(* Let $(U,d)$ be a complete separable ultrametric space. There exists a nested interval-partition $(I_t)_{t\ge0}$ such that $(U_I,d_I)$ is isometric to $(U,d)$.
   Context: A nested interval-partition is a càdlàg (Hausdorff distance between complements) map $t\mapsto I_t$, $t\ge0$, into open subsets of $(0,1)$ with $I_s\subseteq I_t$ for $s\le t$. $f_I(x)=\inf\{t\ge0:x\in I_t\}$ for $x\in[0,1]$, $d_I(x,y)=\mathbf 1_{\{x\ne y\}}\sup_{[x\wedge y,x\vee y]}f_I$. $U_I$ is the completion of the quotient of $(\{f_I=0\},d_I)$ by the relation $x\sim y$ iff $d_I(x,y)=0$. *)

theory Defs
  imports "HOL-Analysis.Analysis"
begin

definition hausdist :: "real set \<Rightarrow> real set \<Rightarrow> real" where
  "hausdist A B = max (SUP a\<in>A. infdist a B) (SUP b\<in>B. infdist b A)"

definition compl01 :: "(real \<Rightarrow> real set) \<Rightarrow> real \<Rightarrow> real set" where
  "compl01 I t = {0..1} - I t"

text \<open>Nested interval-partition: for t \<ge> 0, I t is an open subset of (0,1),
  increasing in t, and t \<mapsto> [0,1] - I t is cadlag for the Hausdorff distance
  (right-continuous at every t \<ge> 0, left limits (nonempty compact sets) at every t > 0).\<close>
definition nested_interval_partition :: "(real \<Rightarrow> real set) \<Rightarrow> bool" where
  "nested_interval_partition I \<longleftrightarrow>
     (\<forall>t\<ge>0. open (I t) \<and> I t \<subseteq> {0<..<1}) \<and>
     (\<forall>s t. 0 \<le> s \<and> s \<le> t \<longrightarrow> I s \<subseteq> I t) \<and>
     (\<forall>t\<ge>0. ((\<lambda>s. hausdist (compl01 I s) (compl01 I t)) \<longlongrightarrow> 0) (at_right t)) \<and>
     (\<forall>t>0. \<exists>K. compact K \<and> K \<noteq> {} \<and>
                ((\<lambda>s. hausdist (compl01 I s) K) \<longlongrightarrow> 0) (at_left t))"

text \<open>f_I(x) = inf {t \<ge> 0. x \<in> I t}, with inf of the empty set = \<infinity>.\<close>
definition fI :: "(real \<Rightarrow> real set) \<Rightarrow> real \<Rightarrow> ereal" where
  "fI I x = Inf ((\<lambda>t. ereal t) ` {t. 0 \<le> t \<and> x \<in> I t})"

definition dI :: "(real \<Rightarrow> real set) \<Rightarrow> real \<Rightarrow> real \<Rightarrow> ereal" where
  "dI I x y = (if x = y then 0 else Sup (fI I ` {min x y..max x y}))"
::::
**PROBLEM TO WORK ON:**
Make a verbatim copy of every entry shown above.

**SOLUTION FOR THIS EXERCISE:**
(* Let $(U,d)$ be a complete separable ultrametric space. There exists a nested interval-partition $(I_t)_{t\ge0}$ such that $(U_I,d_I)$ is isometric to $(U,d)$.
   Context: A nested interval-partition is a càdlàg (Hausdorff distance between complements) map $t\mapsto I_t$, $t\ge0$, into open subsets of $(0,1)$ with $I_s\subseteq I_t$ for $s\le t$. $f_I(x)=\inf\{t\ge0:x\in I_t\}$ for $x\in[0,1]$, $d_I(x,y)=\mathbf 1_{\{x\ne y\}}\sup_{[x\wedge y,x\vee y]}f_I$. $U_I$ is the completion of the quotient of $(\{f_I=0\},d_I)$ by the relation $x\sim y$ iff $d_I(x,y)=0$. *)

theory Defs
  imports "HOL-Analysis.Analysis"
begin

definition hausdist :: "real set \<Rightarrow> real set \<Rightarrow> real" where
  "hausdist A B = max (SUP a\<in>A. infdist a B) (SUP b\<in>B. infdist b A)"

definition compl01 :: "(real \<Rightarrow> real set) \<Rightarrow> real \<Rightarrow> real set" where
  "compl01 I t = {0..1} - I t"

text \<open>Nested interval-partition: for t \<ge> 0, I t is an open subset of (0,1),
  increasing in t, and t \<mapsto> [0,1] - I t is cadlag for the Hausdorff distance
  (right-continuous at every t \<ge> 0, left limits (nonempty compact sets) at every t > 0).\<close>
definition nested_interval_partition :: "(real \<Rightarrow> real set) \<Rightarrow> bool" where
  "nested_interval_partition I \<longleftrightarrow>
     (\<forall>t\<ge>0. open (I t) \<and> I t \<subseteq> {0<..<1}) \<and>
     (\<forall>s t. 0 \<le> s \<and> s \<le> t \<longrightarrow> I s \<subseteq> I t) \<and>
     (\<forall>t\<ge>0. ((\<lambda>s. hausdist (compl01 I s) (compl01 I t)) \<longlongrightarrow> 0) (at_right t)) \<and>
     (\<forall>t>0. \<exists>K. compact K \<and> K \<noteq> {} \<and>
                ((\<lambda>s. hausdist (compl01 I s) K) \<longlongrightarrow> 0) (at_left t))"

text \<open>f_I(x) = inf {t \<ge> 0. x \<in> I t}, with inf of the empty set = \<infinity>.\<close>
definition fI :: "(real \<Rightarrow> real set) \<Rightarrow> real \<Rightarrow> ereal" where
  "fI I x = Inf ((\<lambda>t. ereal t) ` {t. 0 \<le> t \<and> x \<in> I t})"

definition dI :: "(real \<Rightarrow> real set) \<Rightarrow> real \<Rightarrow> real \<Rightarrow> ereal" where
  "dI I x y = (if x = y then 0 else Sup (fI I ` {min x y..max x y}))"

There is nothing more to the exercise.